Vice Captain of the Universe: I like teasweeny_todd on October 29th, 2011 01:41 am (UTC)
what horrible boys!! I feel outraged for that poor bee!

but wow.. what.. uncertainty at the end. Really well done!
RabidRaeannrabid1st on October 29th, 2011 05:53 am (UTC)
I can see this developing into something quite compelling. You have a strong narrative voice.
Lose 10 Pounds of Ugly Fat...  Cut Off Your Head.n3m3sis42 on October 29th, 2011 02:07 pm (UTC)
Creeeeepy! You made me want to know more about what's going on here.
the middle of the road's fine with no cars aroundnoodledays on October 29th, 2011 07:20 pm (UTC)
oooh, great character you've done here.
Myrnamyrna_bird on October 29th, 2011 08:38 pm (UTC)
I want to know what else that girl had been up to!
yuniebabyyuniebaby on October 30th, 2011 04:29 am (UTC)
I liked the tone of this piece a lot. Dark and ominous and a little uncertain. Very compelling.
..there are squirrels in my head...elionwyr on October 31st, 2011 02:12 pm (UTC)
This. :)
With grace in your heart and flowers in your hairlilycobalt on October 30th, 2011 01:07 pm (UTC)
I liked that you left this ambiguous.
Athelas K. Weedmalinaldarose on October 30th, 2011 06:08 pm (UTC)
Wow. That's a little...creepy.
standgalestandgale on October 30th, 2011 08:46 pm (UTC)
If you feel like writing more to this, please do... it's quite intriguing.
m strobelmstrobel on October 30th, 2011 09:22 pm (UTC)
That poor bee! :( I really hope the torture wasn't based on a true story :/

And then whoa what a twist :D
when all you know seems so far awaypoppetawoppet on October 31st, 2011 01:38 am (UTC)
oooh I'm interested to see more
The Michelle Tanner Experiencexreesex on October 31st, 2011 03:34 am (UTC)
This has me wanting to know more about the bee killer.
whipchickwhipchick on October 31st, 2011 09:21 am (UTC)
I found this really compelling, and unusual without being all "look at me I'm a crazy writer!" - very truthful writing.
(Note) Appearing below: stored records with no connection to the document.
theorem lemma6:
  fixes V :: "'a set" and E :: "'a \<Rightarrow> 'a \<Rightarrow> bool" and M S :: "'a set" and m :: 'a and q :: nat
  assumes "connected_graph V E"
    and "M \<subseteq> V"
    and "S \<subseteq> V - M" and "S \<noteq> {}"
    and "m \<in> M"
    and "q \<le> card (V - M) - 1"
  shows "(\<forall>X. X \<subseteq> V - M \<and> card X \<le> q \<longrightarrow>
            (\<forall>C \<in> components E (V - insert m X). C \<inter> S \<noteq> {} \<longrightarrow> C \<inter> M \<noteq> {}))
         \<longleftrightarrow> Gamma (Gm_V V M) (Gm_E V E M m) (Some ` S) None \<ge> q + 1"
proof -
  let ?R = "\<lambda>X w. reach (Gm_E V E M m) (Gm_V V M - Some ` X) (Some w) None"
  have ug: "ugraph V E"
    using assms(1) unfolding connected_graph_def by blast
  then have "finite S"
    using assms(3) unfolding ugraph_def by (meson finite_Diff finite_subset)
  have "V - M \<noteq> {}" "finite (V - M)"
    using assms(3,4) ug unfolding ugraph_def by auto
  then have "0 < card (V - M)"
    by (simp add: card_gt_0_iff)
  then have q: "q + 1 \<le> card (V - M)"
    using assms(6) by linarith
  have "(\<forall>X. X \<subseteq> V - M \<and> card X \<le> q \<longrightarrow>
            (\<forall>C \<in> components E (V - insert m X). C \<inter> S \<noteq> {} \<longrightarrow> C \<inter> M \<noteq> {}))
      \<longleftrightarrow> (\<forall>X. X \<subseteq> V - M \<and> card X \<le> q \<longrightarrow> (\<forall>w \<in> S - X. ?R X w))"
    using components_meet_monitor_iff_reach_virtual[OF ug assms(5,2,3)] by simp
  also have "\<dots> \<longleftrightarrow> (\<forall>w \<in> S. \<forall>X. X \<subseteq> V - M - {w} \<and> card X < q + 1 \<longrightarrow> ?R X w)"
    unfolding less_Suc_eq_le Suc_eq_plus1[symmetric] by blast
  also have "\<dots> \<longleftrightarrow> (\<forall>w \<in> S. q + 1 \<le> min_cut_card (Gm_V V M) (Gm_E V E M m) (Some w) None)"
    using Gm_cut_ge_iff[OF _ q] assms(3) by (intro ball_cong) auto
  also have "\<dots> \<longleftrightarrow> Gamma (Gm_V V M) (Gm_E V E M m) (Some ` S) None \<ge> q + 1"
    using \<open>finite S\<close> assms(4) by (simp add: Gamma_ge_iff)
  finally show ?thesis .
qed

end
Unless it was your intention, the second sentence in the second paragraph is in a different tense, which stuck out to me.
phoenixphoenixejc on October 31st, 2011 08:00 pm (UTC)
Oh now I want to know more!!!!
Kristenpixiebelle on October 31st, 2011 09:30 pm (UTC)
Oh this was good...

Very, very good. It's always the ones we least suspect, huh?
Jessmymisguided on October 31st, 2011 11:27 pm (UTC)
Ooh, I liked the twist in this, and the way you describe everything, it's so effective. There are a few tense inconsistencies here and there ("She doesn’t bother clocking out," "She walks numbly," "I turn to my co-worker and see her standing...") but they didn't really impact my enjoyment of the piece.

Good work! =)
Snarksnarkerdoodle on November 1st, 2011 07:50 pm (UTC)
Wow. This was really a good read -- a bit dark and odd, much like the character being described.
Yelеnakehlen_crow on November 3rd, 2011 07:25 pm (UTC)
I like it,

but you keep switching between Present and Past tense, and I guess you shouldn't.

Will there be more? :)
java_fiendjava_fiend on November 4th, 2011 12:59 am (UTC)
She is a very creepy character. I like the creep factor you have working in this piece. A very dark tone that is intriguing... I want to know more. Really nicely done.
A Karmic Sandbox: Shadows of the Dungeonkarmasoup on November 4th, 2011 03:19 am (UTC)
Hmmmm.... mercy killings... I await with eager anticipation.